[Data entries]
------------------------------
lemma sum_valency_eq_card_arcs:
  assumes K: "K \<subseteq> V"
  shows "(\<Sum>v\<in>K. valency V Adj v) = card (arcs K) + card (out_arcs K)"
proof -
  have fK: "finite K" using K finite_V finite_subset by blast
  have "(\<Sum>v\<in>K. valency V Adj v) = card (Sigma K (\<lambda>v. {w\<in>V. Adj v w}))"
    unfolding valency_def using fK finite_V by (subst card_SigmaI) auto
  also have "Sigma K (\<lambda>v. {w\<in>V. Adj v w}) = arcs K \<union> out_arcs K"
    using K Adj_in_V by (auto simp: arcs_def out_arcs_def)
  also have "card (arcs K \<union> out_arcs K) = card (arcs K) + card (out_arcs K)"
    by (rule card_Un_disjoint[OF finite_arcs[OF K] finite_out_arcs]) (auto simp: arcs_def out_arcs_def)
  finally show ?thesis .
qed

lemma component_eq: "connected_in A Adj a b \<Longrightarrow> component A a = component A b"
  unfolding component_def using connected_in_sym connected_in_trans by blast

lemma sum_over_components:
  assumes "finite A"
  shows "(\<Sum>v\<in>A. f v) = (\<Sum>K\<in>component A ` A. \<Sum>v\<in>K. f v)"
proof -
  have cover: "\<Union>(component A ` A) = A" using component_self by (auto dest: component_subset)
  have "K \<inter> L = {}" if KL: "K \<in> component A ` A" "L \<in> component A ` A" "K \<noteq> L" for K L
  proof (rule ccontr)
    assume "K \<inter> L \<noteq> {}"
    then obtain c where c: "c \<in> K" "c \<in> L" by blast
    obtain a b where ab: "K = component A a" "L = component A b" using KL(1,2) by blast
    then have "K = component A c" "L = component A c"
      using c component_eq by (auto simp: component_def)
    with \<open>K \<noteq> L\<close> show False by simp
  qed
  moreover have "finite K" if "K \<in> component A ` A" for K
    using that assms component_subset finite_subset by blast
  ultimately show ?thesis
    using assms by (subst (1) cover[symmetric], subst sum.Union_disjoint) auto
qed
------------------------------
[WORK ORDER] Every record must be transcribed exactly as written.

[WRITTEN RESPONSE]
lemma sum_valency_eq_card_arcs:
  assumes K: "K \<subseteq> V"
  shows "(\<Sum>v\<in>K. valency V Adj v) = card (arcs K) + card (out_arcs K)"
proof -
  have fK: "finite K" using K finite_V finite_subset by blast
  have "(\<Sum>v\<in>K. valency V Adj v) = card (Sigma K (\<lambda>v. {w\<in>V. Adj v w}))"
    unfolding valency_def using fK finite_V by (subst card_SigmaI) auto
  also have "Sigma K (\<lambda>v. {w\<in>V. Adj v w}) = arcs K \<union> out_arcs K"
    using K Adj_in_V by (auto simp: arcs_def out_arcs_def)
  also have "card (arcs K \<union> out_arcs K) = card (arcs K) + card (out_arcs K)"
    by (rule card_Un_disjoint[OF finite_arcs[OF K] finite_out_arcs]) (auto simp: arcs_def out_arcs_def)
  finally show ?thesis .
qed

lemma component_eq: "connected_in A Adj a b \<Longrightarrow> component A a = component A b"
  unfolding component_def using connected_in_sym connected_in_trans by blast

lemma sum_over_components:
  assumes "finite A"
  shows "(\<Sum>v\<in>A. f v) = (\<Sum>K\<in>component A ` A. \<Sum>v\<in>K. f v)"
proof -
  have cover: "\<Union>(component A ` A) = A" using component_self by (auto dest: component_subset)
  have "K \<inter> L = {}" if KL: "K \<in> component A ` A" "L \<in> component A ` A" "K \<noteq> L" for K L
  proof (rule ccontr)
    assume "K \<inter> L \<noteq> {}"
    then obtain c where c: "c \<in> K" "c \<in> L" by blast
    obtain a b where ab: "K = component A a" "L = component A b" using KL(1,2) by blast
    then have "K = component A c" "L = component A c"
      using c component_eq by (auto simp: component_def)
    with \<open>K \<noteq> L\<close> show False by simp
  qed
  moreover have "finite K" if "K \<in> component A ` A" for K
    using that assms component_subset finite_subset by blast
  ultimately show ?thesis
    using assms by (subst (1) cover[symmetric], subst sum.Union_disjoint) auto
qed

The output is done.